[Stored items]
○ ○ ○

lemma
  assumes "R \<in> prefs" and "S \<noteq> {}"
  shows worst_in: "worst R (S :: 'a::finite set) \<in> S"
    and worst_below: "y \<in> S \<Longrightarrow> y \<noteq> worst R S \<Longrightarrow> (y, worst R S) \<in> R"
proof -
  obtain s where "s \<in> S" using assms(2) by blast
  obtain w where w: "w \<in> S" and "\<And>y. (y, w) \<in> R\<inverse> \<Longrightarrow> y \<notin> S"
    by (rule wfE_min[OF prefs_wf(2)[OF assms(1)] \<open>s \<in> S\<close>]) blast
  then have below: "(y, w) \<in> R" if "y \<in> S" and "y \<noteq> w" for y
    using prefs_total[OF assms(1) \<open>y \<noteq> w\<close>] that by blast
  with worst_eqI[OF assms(1) w] have "worst R S = w" .
  with w below show "worst R S \<in> S" "y \<in> S \<Longrightarrow> y \<noteq> worst R S \<Longrightarrow> (y, worst R S) \<in> R"
    by auto
qed

lemma ex_pref_refining:
  fixes g :: "'a::finite \<Rightarrow> nat"
  shows "\<exists>R\<in>prefs. \<forall>a b. g a < g b \<longrightarrow> (a, b) \<in> R"
proof -
  obtain r :: "'a \<Rightarrow> nat" where "inj r"
    using finite_imp_inj_to_nat_seg[OF finite_UNIV] by blast
  define R where "R = {(a, b). g a < g b \<or> (g a = g b \<and> r a < r b)}"
  have "strict_linear_order R"
    unfolding strict_linear_order_on_def trans_def irrefl_def total_on_def R_def
    using \<open>inj r\<close> by auto (metis injD linorder_neqE_nat)
  then show ?thesis unfolding prefs_def R_def by auto
qed

lemma ex_pref_top_bottom:
  assumes "c \<noteq> (x :: 'a::finite)"
  shows "\<exists>R\<in>prefs. top R = c \<and> (\<forall>y. y \<noteq> x \<longrightarrow> (y, x) \<in> R)"
proof -
  define g :: "'a \<Rightarrow> nat" where "g y = (if y = c then 0 else if y = x then 2 else 1)" for y
  obtain R where R: "R \<in> prefs" and refines: "\<And>a b. g a < g b \<Longrightarrow> (a, b) \<in> R"
    using ex_pref_refining[of g] by blast
  have "top R = c" by (rule top_eqI[OF R], rule refines) (simp add: g_def)
  moreover have "(y, x) \<in> R" if "y \<noteq> x" for y
    using that assms by (intro refines) (auto simp: g_def)
  ultimately show ?thesis using R by blast
qed

lemma ex_pref_top_second:
  assumes "c \<noteq> (x :: 'a::finite)"
  shows "\<exists>R\<in>prefs. top R = c \<and> (\<forall>y. y \<noteq> c \<longrightarrow> y \<noteq> x \<longrightarrow> (x, y) \<in> R)"
proof -
  define g :: "'a \<Rightarrow> nat" where "g y = (if y = c then 0 else if y = x then 1 else 2)" for y
  obtain R where R: "R \<in> prefs" and refines: "\<And>a b. g a < g b \<Longrightarrow> (a, b) \<in> R"
    using ex_pref_refining[of g] by blast
  have "top R = c" by (rule top_eqI[OF R], rule refines) (simp add: g_def)
  moreover have "(x, y) \<in> R" if "y \<noteq> c" and "y \<noteq> x" for y
    using that assms by (intro refines) (auto simp: g_def)
  ultimately show ?thesis using R by blast
qed

lemma profiles_upd: "P \<in> profiles \<Longrightarrow> R \<in> prefs \<Longrightarrow> P(i := R) \<in> profiles"
  unfolding profiles_def by auto

lemma profiles_const: "R \<in> prefs \<Longrightarrow> (\<lambda>_. R) \<in> profiles"
  unfolding profiles_def by auto

lemma option_setI: "P \<in> profiles \<Longrightarrow> f (P(i := R)) \<in> option_set f i R"
  unfolding option_set_def by blast

lemma option_set_self: "P \<in> profiles \<Longrightarrow> f P \<in> option_set f i (P i)"
  using option_setI[of P f i "P i"] by simp

lemma option_set_cong_top:
  assumes "tops_only f" and "R \<in> prefs" and "R' \<in> prefs" and "top R = top R'"
  shows "option_set f i R = option_set f i R'"
proof -
  have "f (P(i := R)) = f (P(i := R'))" if "P \<in> profiles" for P
  proof -
    have "\<forall>k. top ((P(i := R)) k) = top ((P(i := R')) k)" using assms(4) by simp
    with assms(1) profiles_upd[OF that assms(2)] profiles_upd[OF that assms(3)] show ?thesis
      unfolding tops_only_def by blast
  qed
  then show ?thesis unfolding option_set_def by (intro Collect_cong) metis
qed

lemma efficient_unanimous:
  assumes "efficient f" and "R \<in> prefs"
  shows "f (\<lambda>_::'i. R) = (top R :: 'a::finite)"
proof (rule ccontr)
  assume "f (\<lambda>_. R) \<noteq> top R"
  then have "\<forall>i::'i. (top R, f (\<lambda>_. R)) \<in> R" using top_preferred[OF assms(2)] by simp
  with assms profiles_const show False unfolding efficient_def by blast
qed

lemma top_in_option_set:
  assumes "efficient f" and "R \<in> prefs"
  shows "top R \<in> option_set f i (R :: 'a::finite rel)"
  using option_set_self[OF profiles_const[OF assms(2)], of f i]
  by (simp add: efficient_unanimous[OF assms])

lemma best_option_set:
  assumes "efficient f" and "R \<in> prefs"
  shows "best R (option_set f i R) = (top R :: 'a::finite)"
  using assms top_preferred top_in_option_set by (intro best_eqI) auto

lemma not_obvious_manipulation_if_option_set_subset:
  fixes f :: "('i \<Rightarrow> 'a::finite rel) \<Rightarrow> 'a"
  assumes eff: "efficient f" and R: "R \<in> prefs" and R': "R' \<in> prefs"
    and sub: "option_set f i R - {top R} \<subseteq> option_set f i R'"
  shows "\<not> obvious_manipulation f i R R'"
proof -
  let ?O = "option_set f i R" and ?O' = "option_set f i R'"
  have "?O \<noteq> {}" "?O' \<noteq> {}" using top_in_option_set[OF eff] R R' by blast+
  have "(worst R ?O', worst R ?O) \<notin> R"
  proof (cases "worst R ?O = top R")
    case True then show ?thesis using not_preferred_to_top[OF R] by simp
  next
    case False
    then have "worst R ?O \<in> ?O'" using worst_in[OF R \<open>?O \<noteq> {}\<close>] sub by blast
    then show ?thesis using worst_below[OF R \<open>?O' \<noteq> {}\<close>] prefs_asym[OF R] prefs_irrefl[OF R]
      by metis
  qed
  moreover have "(best R ?O', best R ?O) \<notin> R"
    using best_option_set[OF eff R] not_preferred_to_top[OF R] by simp
  ultimately show ?thesis unfolding obvious_manipulation_def by blast
qed

lemma strong_veto_set_subset_veto_set:
  assumes "card (UNIV :: 'a::finite set) \<ge> 2"
  shows "strong_veto_set f i \<subseteq> (veto_set f i :: 'a set)"
proof
  fix x assume "x \<in> strong_veto_set f i"
  then have strong: "veto_prefs f i x = {R\<in>prefs. top R \<noteq> x}"
    unfolding strong_veto_set_def strongly_vetoes_def by simp
  have "UNIV \<noteq> {x}"
  proof
    assume "UNIV = {x}"
    then have "card (UNIV :: 'a set) = Suc 0" using card_1_singleton_iff by blast
    with assms show False by simp
  qed
  then obtain c where "c \<noteq> x" by blast
  then obtain R where "R \<in> prefs" "top R = c" using ex_pref_top_bottom by blast
  with strong \<open>c \<noteq> x\<close> have "R \<in> veto_prefs f i x" by simp
  then show "x \<in> veto_set f i" unfolding veto_prefs_def veto_set_def by blast
qed

lemma option_set_diff_top_subset:
  assumes "strong_veto_set f i = veto_set f i" and "R \<in> prefs" and "R' \<in> prefs"
  shows "option_set f i R - {top R} \<subseteq> option_set f i R'"
proof
  fix x assume x: "x \<in> option_set f i R - {top R}"
  show "x \<in> option_set f i R'"
  proof (rule ccontr)
    assume "x \<notin> option_set f i R'"
    with \<open>R' \<in> prefs\<close> have "x \<in> veto_set f i" unfolding veto_set_def by blast
    with assms(1) have "veto_prefs f i x = {R\<in>prefs. top R \<noteq> x}"
      unfolding strong_veto_set_def strongly_vetoes_def by blast
    with \<open>R \<in> prefs\<close> x show False unfolding veto_prefs_def by auto
  qed
qed

lemma NOM_if_strong_veto_sets_eq:
  fixes f :: "('i \<Rightarrow> 'a::finite rel) \<Rightarrow> 'a"
  assumes "efficient f" and "\<And>i. strong_veto_set f i = veto_set f i"
  shows "NOM f"
  unfolding NOM_def
  using not_obvious_manipulation_if_option_set_subset[OF assms(1)]
    option_set_diff_top_subset[OF assms(2)] by blast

○ ○ ○

### Task details
The lines running from the start of the data through the one that contains "obtain w where" should be reproduced exactly, and only those.

### Result
lemma
  assumes "R \<in> prefs" and "S \<noteq> {}"
  shows worst_in: "worst R (S :: 'a::finite set) \<in> S"
    and worst_below: "y \<in> S \<Longrightarrow> y \<noteq> worst R S \<Longrightarrow> (y, worst R S) \<in> R"
proof -
  obtain s where "s \<in> S" using assms(2) by blast
  obtain w where w: "w \<in> S" and "\<And>y. (y, w) \<in> R\<inverse> \<Longrightarrow> y \<notin> S"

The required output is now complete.